Re: Implementing Incremental View Maintenance

From: Yugo NAGATA <nagata(at)sraoss(dot)co(dot)jp>
To: pgsql-hackers(at)postgresql(dot)org
Cc: "r(dot)takahashi_2(at)fujitsu(dot)com" <r(dot)takahashi_2(at)fujitsu(dot)com>, 'Zhihong Yu' <zyu(at)yugabyte(dot)com>, vignesh C <vignesh21(at)gmail(dot)com>, Tom Lane <tgl(at)sss(dot)pgh(dot)pa(dot)us>, Andrew Dunstan <andrew(at)dunslane(dot)net>, Andy Fan <zhihui(dot)fan1213(at)gmail(dot)com>, Tatsuo Ishii <ishii(at)sraoss(dot)co(dot)jp>, Thomas Munro <thomas(dot)munro(at)gmail(dot)com>
Subject: Re: Implementing Incremental View Maintenance
Date: 2021-11-29 05:48:26
Message-ID: 20211129144826.c9d42c1f61495c6983d8b6b1@sraoss.co.jp
Views: Raw Message | Whole Thread | Download mbox | Resend email
Thread:
Lists: pgsql-hackers

Hi hackers,

This is a response to a comment in "Commitfest 2021-11 Patch Triage - Part 1" [1].

> 2138: Incremental Materialized View Maintenance
> ===============================================
> There seems to be concensus on the thread that this is a feature that we want,
> and after initial design discussions there seems to be no disagreements with
> the approach taken. The patch was marked ready for committer almost a year
> ago, but have since been needs review (which seems correct). The size of the
> patchset and the length of the thread make it hard to gauge just far away it
> is, maybe the author or a review can summarize the current state and outline
> what is left for it to be committable.

[1] https://www.postgresql.org/message-id/6EDAAF93-1663-41D0-9148-76739104943E%40yesql.se

I'll describe recent discussions and current status of this thread.

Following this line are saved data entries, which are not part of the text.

(* Consider $L$ receivers $i=1,\dots,L$, each with a reference measurement vector $\mathbf{r}_i\in\mathbb{C}^N$ and a surveillance measurement vector $\mathbf{s}_i\in\mathbb{C}^N$, under two hypotheses: $$\mathcal{H}_1:\ \mathbf{r}_i=\beta_i\mathbf{x}+\boldsymbol{\delta}_{r,i},\quad \mathbf{s}_i=\alpha_i\mathbf{x}+\boldsymbol{\delta}_{s,i};\qquad \mathcal{H}_0:\ \mathbf{r}_i=\beta_i\mathbf{x}+\boldsymbol{\delta}_{r,i},\quad \mathbf{s}_i=\boldsymbol{\delta}_{s,i}.$$ Here $\mathbf{U}_D\in\mathbb{C}^{N\times D}$ has full column rank, $\mathbf{x}=\mathbf{U}_D\boldsymbol{\theta}_D\sim\mathcal{CN}(\mathbf{0},\mathbf{U}_D\boldsymbol{\Sigma}_{\theta}\mathbf{U}_D^{\mathsf H})$ with $\boldsymbol{\Sigma}_\theta=\mathrm{Cov}(\boldsymbol{\theta}_D)$; $\alpha_i\sim\mathcal{CN}(0,\sigma_\alpha^2)$; $\beta_i\sim\mathcal{CN}(\mu_\beta,\sigma_\beta^2)$; $\boldsymbol{\delta}_{r,i}\sim\mathcal{CN}(\mathbf{0},\boldsymbol{\Sigma}_r)$, $\boldsymbol{\delta}_{s,i}\sim\mathcal{CN}(\mathbf{0},\boldsymbol{\Sigma}_s)$ with $\boldsymbol{\Sigma}_r,\boldsymbol{\Sigma}_s$ Hermitian positive definite; and $\mathbf{x}$, all $\alpha_i$, all $\beta_i$, all $\boldsymbol{\delta}_{r,i}$ and all $\boldsymbol{\delta}_{s,i}$ ($i=1,\dots,L$) are mutually independent. Define $$\mathbf{C}_r=(\mathbf{U}_D^{\mathsf H}\boldsymbol{\Sigma}_r^{-1}\mathbf{U}_D)^{-1},\quad \mathbf{C}_s=(\mathbf{U}_D^{\mathsf H}\boldsymbol{\Sigma}_s^{-1}\mathbf{U}_D)^{-1},\quad \mathbf{T}_r=\mathbf{C}_r\mathbf{U}_D^{\mathsf H}\boldsymbol{\Sigma}_r^{-1/2},\quad \mathbf{T}_s=\mathbf{C}_s\mathbf{U}_D^{\mathsf H}\boldsymbol{\Sigma}_s^{-1/2},$$ $$\mathbf{M}_{\mathbf U}=\mathbf{U}_D^{\mathsf H}\boldsymbol{\Sigma}_r^{-1/2}\boldsymbol{\Sigma}_s^{-1/2}\mathbf{U}_D,\quad \tilde{\mathbf r}_i=\mathbf{T}_r\boldsymbol{\Sigma}_r^{-1/2}\mathbf{r}_i,\quad \tilde{\mathbf s}_i=\mathbf{T}_s\boldsymbol{\Sigma}_s^{-1/2}\mathbf{s}_i,\quad c_i=\tilde{\mathbf r}_i^{\mathsf H}\mathbf{M}_{\mathbf U}\tilde{\mathbf s}_i.$$ Then, writing $\mathrm{Var}(c)=\mathbb{E}|c-\mathbb{E}c|^2$ and $\mathrm{Cov}(c,c')=\mathbb{E}[(c-\mathbb{E}c)(c'-\mathbb{E}c')^*]$, $$\sigma_{c,0}^2:=\mathrm{Var}(c_i\mid\mathcal{H}_0)=(|\mu_\beta|^2+\sigma_\beta^2)\,\mathrm{tr}(\mathbf{M}_{\mathbf U}\mathbf{C}_s\mathbf{M}_{\mathbf U}^{\mathsf H}\boldsymbol{\Sigma}_\theta)+\mathrm{tr}(\mathbf{M}_{\mathbf U}\mathbf{C}_s\mathbf{M}_{\mathbf U}^{\mathsf H}\mathbf{C}_r),$$ $$\sigma_{c,1}^2:=\mathrm{Var}(c_i\mid\mathcal{H}_1)=\sigma_{c,0}^2+\sigma_\alpha^2\,\mathrm{tr}(\mathbf{M}_{\mathbf U}^{\mathsf H}\mathbf{C}_r\mathbf{M}_{\mathbf U}\boldsymbol{\Sigma}_\theta)+\sigma_\alpha^2(|\mu_\beta|^2+\sigma_\beta^2)\Big(\mathrm{tr}(\mathbf{M}_{\mathbf U}\boldsymbol{\Sigma}_\theta\mathbf{M}_{\mathbf U}^{\mathsf H}\boldsymbol{\Sigma}_\theta)+|\mathrm{tr}(\mathbf{M}_{\mathbf U}\boldsymbol{\Sigma}_\theta)|^2\Big),$$ and $\mathrm{Cov}(c_i,c_j\mid\mathcal{H}_\ell)=0$ for $\ell\in\{0,1\}$ and all $i\neq j$.
   Context: $\mathcal{CN}(\mathbf{m},\boldsymbol{\Sigma})$ denotes the proper (circularly symmetric about its mean) complex Gaussian distribution with mean $\mathbf m$ and covariance $\boldsymbol\Sigma$. $\boldsymbol{\Sigma}^{-1/2}$ denotes the inverse of the Hermitian positive definite square root of $\boldsymbol\Sigma$. $(\cdot)^{\mathsf H}$ is conjugate transpose, $(\cdot)^*$ complex conjugate, $\mathrm{tr}$ the trace. Conditioning on $\mathcal{H}_\ell$ means the measurements are generated by the model of hypothesis $\mathcal{H}_\ell$. In the paper $\mathbf{x}=\mathbf{U}_D\boldsymbol\theta_D$ (a waveform in a known $D$-dimensional subspace, with $\boldsymbol\theta_D$ zero-mean with covariance $\boldsymbol\Sigma_\theta$) is approximated as complex Gaussian for the purposes of this result. *)

theory Defs
  imports "HOL-Probability.Probability"
begin

section \<open>Complex matrix notions (matrices as complex^'c^'r, i.e. rows indexed by 'r)\<close>

definition cinner :: "complex^'n \<Rightarrow> complex^'n \<Rightarrow> complex" where
  "cinner a z = (\<Sum>k\<in>UNIV. cnj (a$k) * z$k)"

definition adjoint_mat :: "complex^'c^'r \<Rightarrow> complex^'r^'c" where
  "adjoint_mat A = (\<chi> i j. cnj (A$j$i))"

definition hermitian :: "complex^'n^'n \<Rightarrow> bool" where
  "hermitian A \<longleftrightarrow> adjoint_mat A = A"

definition pos_def :: "complex^'n^'n \<Rightarrow> bool" where
  "pos_def A \<longleftrightarrow> hermitian A \<and> (\<forall>v. v \<noteq> 0 \<longrightarrow> Re (cinner v (A *v v)) > 0)"

definition pos_semidef :: "complex^'n^'n \<Rightarrow> bool" where
  "pos_semidef A \<longleftrightarrow> hermitian A \<and> (\<forall>v. Re (cinner v (A *v v)) \<ge> 0)"

definition sqrt_mat :: "complex^'n^'n \<Rightarrow> complex^'n^'n" where
  "sqrt_mat A = (THE B. pos_def B \<and> B ** B = A)"

definition inv_sqrt_mat :: "complex^'n^'n \<Rightarrow> complex^'n^'n" where
  "inv_sqrt_mat A = matrix_inv (sqrt_mat A)"

definition full_column_rank :: "complex^'d^'n \<Rightarrow> bool" where
  "full_column_rank U \<longleftrightarrow> (\<forall>v. U *v v = 0 \<longrightarrow> v = 0)"

definition real_normal :: "real \<Rightarrow> real \<Rightarrow> real measure" where
  "real_normal m v = (if v = 0 then return borel m
                      else density lborel (normal_density m (sqrt v)))"

text \<open>Z ~ CN(m, S): Z is measurable and, for every a, Re(a^H Z) ~ N(Re(a^H m), a^H S a / 2).
  (Cramer-Wold characterisation of the proper complex Gaussian law.)\<close>
definition is_CN :: "'w measure \<Rightarrow> ('w \<Rightarrow> complex^'n) \<Rightarrow> complex^'n \<Rightarrow> complex^'n^'n \<Rightarrow> bool" where
  "is_CN M Z m S \<longleftrightarrow> Z \<in> borel_measurable M \<and>
     (\<forall>a. distr M borel (\<lambda>w. Re (cinner a (Z w)))
            = real_normal (Re (cinner a m)) (Re (cinner a (S *v a)) / 2))"
lemma card_paths_eq_mult_steps_low_fibre:
  assumes "y \<noteq> a" and count: "\<forall>w\<in>paths n r. count_list w a = m" and i: "1 \<le> i" "i \<le> m"
  shows "card {w \<in> paths n r. card (cyclic_occs x y w) = c} =
    ((r+1)*n+1) * card {v \<in> paths n r. occ x y v = c \<and> hd v = a \<and> steps_low r a v = i}"
proof (rule card_eq_mult_if_rank_characterizes_rotations[where M = "\<lambda>w. {q. q < length w \<and> w ! q = a}"
      and f = "vertex_key r" and i = "i - 1"])
  let ?T = "{w \<in> paths n r. card (cyclic_occs x y w) = c}"
  let ?L = "(r+1)*n+1"
  let ?M = "\<lambda>w. {q. q < length w \<and> w ! q = a}"
  show "finite ?T"
    by (simp add: finite_paths)
  show "\<forall>w\<in>?T. length w = ?L"
    by (auto simp: paths_length)
  show "\<forall>w\<in>?T. \<forall>s. rotate s w \<in> ?T"
    by (auto simp: rotate_mem_paths card_cyclic_occs_rotate)
  show "{v \<in> paths n r. occ x y v = c \<and> hd v = a \<and> steps_low r a v = i} \<subseteq> ?T"
    using card_cyclic_occs_eq[of _ n r 0 x y] \<open>y \<noteq> a\<close> by (auto simp: paths_length)
  show "\<forall>w\<in>?T. ?M w \<subseteq> {..<?L} \<and> inj_on (vertex_key r w) (?M w) \<and> i - 1 < card (?M w)"
    using inj_on_vertex_key i count by (auto simp: paths_length card_nth_eq intro: inj_on_subset)
  show "\<forall>w\<in>?T. \<forall>s<?L. rotate s w \<in> {v \<in> paths n r. occ x y v = c \<and> hd v = a \<and> steps_low r a v = i}
      \<longleftrightarrow> s \<in> ?M w \<and> card {q \<in> ?M w. vertex_key r w q < vertex_key r w s} = i - 1"
  proof (intro ballI allI impI)
    fix w s assume "w \<in> ?T" "s < ?L"
    then have w: "w \<in> paths n r" "s < length w" "card (cyclic_occs x y w) = c"
      by (auto simp: paths_length)
    have "{q. q < length w \<and> w ! q = a \<and> (q = s \<or> vertex_key r w q < vertex_key r w s)} =
        insert s {q \<in> ?M w. vertex_key r w q < vertex_key r w s}" if "s \<in> ?M w"
      using that by auto
    then have "s \<in> ?M w \<Longrightarrow> steps_low r a (rotate s w) = Suc (card {q \<in> ?M w. vertex_key r w q < vertex_key r w s})"
      using steps_low_rotate[OF w(1,2), of a] by simp
    moreover have "s \<in> ?M w \<Longrightarrow> occ x y (rotate s w) = c"
      using card_cyclic_occs_eq[OF w(1,2), of x y] w(2,3) hd_rotate[OF w(2)] \<open>y \<noteq> a\<close> by auto
    moreover have "hd (rotate s w) = a \<longleftrightarrow> s \<in> ?M w"
      using hd_rotate[OF w(2)] w(2) by auto
    ultimately show "rotate s w \<in> {v \<in> paths n r. occ x y v = c \<and> hd v = a \<and> steps_low r a v = i}
        \<longleftrightarrow> s \<in> ?M w \<and> card {q \<in> ?M w. vertex_key r w q < vertex_key r w s} = i - 1"
      using rotate_mem_paths[OF w(1), of s] i by auto
  qed
qed

lemma card_steps_low_fibre_mult:
  assumes "y \<noteq> a" and count: "\<forall>w\<in>paths n r. count_list w a = m" and j: "1 \<le> j" "j \<le> m"
  shows "card {v \<in> paths n r. occ x y v = c \<and> hd v = a \<and> steps_low r a v = j} * m =
    card {v \<in> paths n r. occ x y v = c \<and> hd v = a}"
proof -
  define S where "S = {v \<in> paths n r. occ x y v = c \<and> hd v = a}"
  have "\<forall>v\<in>S. steps_low r a v \<in> {1..m}"
    using steps_low_ge_1 steps_low_le_count_list count paths_nonempty by (auto simp: S_def)
  moreover have "\<forall>i\<in>{1..m}. card {w \<in> paths n r. card (cyclic_occs x y w) = c} =
      ((r+1)*n+1) * card {v \<in> S. steps_low r a v = i}"
    using card_paths_eq_mult_steps_low_fibre[OF assms(1,2)] by (simp add: S_def conj_assoc)
  ultimately have "card {v \<in> S. steps_low r a v = j} * card {1..m} = card S"
    using j by (intro card_fibre_mult_card) (auto simp: S_def finite_paths)
  then show ?thesis
    by (simp add: S_def conj_assoc)
qed

lemma real_eq_inverse_mult: "a * c = x * y \<Longrightarrow> 0 < c \<Longrightarrow> real a = 1 / real c * real x * real y"
proof -
  assume "a * c = x * y" "0 < c"
  then have "real a * real c = real x * real y"
    by (metis of_nat_mult)
  then show ?thesis
    using \<open>0 < c\<close> by (simp add: field_simps)
qed
(* Let $F:\mathbb{R}^d\to\mathbb{R}$ be $L$-smooth and $\mu$-strongly convex, $\mathbf{K}\in\mathbb{R}^{p\times d}$ nonzero, $b\in\mathrm{range}(\mathbf{K})$, and let $(x^\star,y^\star)$ be the optimal primal–dual pair described in the context. Let $(x^k,x_g^k,y^k)$ be generated by Algorithm B (described in the context) with parameters $\eta,\theta>0$, $\tau$, and $\alpha$ satisfying $0\leq \alpha \leq \mu$. Then for every $k\ge 0$, $$-\frac{1}{2\eta}\|x^{k+1} - x^k\|^2 \leq -\frac{\eta}{4}\|\mathbf{K}^T y^{k+1} - \mathbf{K}^T y^{\star}\|^2 + \eta\alpha^2\|x^{k+1} - x^{\star}\|^2 + 2\eta L\,\mathrm{D}_{F}(x_g^k, x^{\star}).$$
   Context: $F$ is $L$-smooth ($\nabla F$ is $L$-Lipschitz) and $\mu$-strongly convex ($F-\frac{\mu}{2}\|\cdot\|^2$ convex), $0<\mu\le L$. $\mathrm{D}_F(x,x') \coloneqq F(x) - F(x') -\langle\nabla F(x'),x-x'\rangle$. $x^\star$ is the unique minimizer of $F$ on $\{x:\mathbf{K}x=b\}$, and $y^\star$ is the unique vector in $\mathrm{range}(\mathbf{K})$ with $\nabla F(x^\star)+\mathbf{K}^Ty^\star=0$. Algorithm B (parameters $x^0\in\mathbb{R}^d$, $y^0=0\in\mathbb{R}^p$, $\eta,\theta,\alpha$, $\tau$): set $x_f^0=x^0$. For $k=0,1,\ldots$: $x_g^k = \tau x^k + (1-\tau)x_f^k$; $x^{k+\frac12} = (1+\eta\alpha)^{-1}\big(x^k - \eta(\nabla F(x_g^k) - \alpha x_g^k + \mathbf{K}^T y^k)\big)$; $y^{k+1} = y^k + \theta(\mathbf{K}x^{k+\frac12} - b)$; $x^{k+1} = (1+\eta\alpha)^{-1}\big(x^k - \eta(\nabla F(x_g^k) - \alpha x_g^k + \mathbf{K}^T y^{k+1})\big)$; $x_f^{k+1} = x_g^k + \frac{2\tau}{2-\tau}(x^{k+1}-x^k)$. *)

theory Defs
  imports "HOL-Analysis.Analysis"
begin

definition bregman :: "(real^'d::finite \<Rightarrow> real) \<Rightarrow> (real^'d \<Rightarrow> real^'d) \<Rightarrow> real^'d \<Rightarrow> real^'d \<Rightarrow> real"
  where "bregman F gF x x' = F x - F x' - gF x' \<bullet> (x - x')"

definition algB_step ::
  "(real^'d \<Rightarrow> real^'d) \<Rightarrow> real^'d^'p \<Rightarrow> real^'p \<Rightarrow> real \<Rightarrow> real \<Rightarrow> real \<Rightarrow> real
   \<Rightarrow> ((real^'d) \<times> (real^'d) \<times> (real^'p)) \<Rightarrow> ((real^'d) \<times> (real^'d) \<times> (real^'p))"
  where "algB_step gF K b \<eta> \<theta> \<alpha> \<tau> s =
    (let x = fst s; xf = fst (snd s); y = snd (snd s);
         xg = \<tau> *\<^sub>R x + (1 - \<tau>) *\<^sub>R xf;
         xh = inverse (1 + \<eta> * \<alpha>) *\<^sub>R (x - \<eta> *\<^sub>R (gF xg - \<alpha> *\<^sub>R xg + transpose K *v y));
         y' = y + \<theta> *\<^sub>R (K *v xh - b);
         x' = inverse (1 + \<eta> * \<alpha>) *\<^sub>R (x - \<eta> *\<^sub>R (gF xg - \<alpha> *\<^sub>R xg + transpose K *v y'));
         xf' = xg + (2 * \<tau> / (2 - \<tau>)) *\<^sub>R (x' - x)
     in (x', xf', y'))"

* Recent Discussions and Current status

1.
Previously, we proposed a patchset that supports outer-joins, some sub-queries
and CTEs. However, aiming to reduce the size of the patchset, I proposed to omit
these features from the first version of the patch in my post at 2021-08-02 [2].

Currently, we are proposing Incremental View Maintenance feature for PostgreSQL 15
that supports following queries in the view definition query.

- inner joins including self-join
- DISTINCT and views with tuple duplicates
- some built-in aggregate functions (count, sum, agv, min, and max)

Is it OK? Although there has been no opposite opinion, we want to confirm it.

[2] https://www.postgresql.org/message-id/20210802152834.ecbaba6e17d1957547c3a55d%40sraoss.co.jp

2.
Recently, There was a suggestion that we should support partitioned tables from
Ryohei Takahashi, but I decided to not support it in the first release of IVM.
Takahshi-san agreed with it, and the documentation will be fixed soon [3].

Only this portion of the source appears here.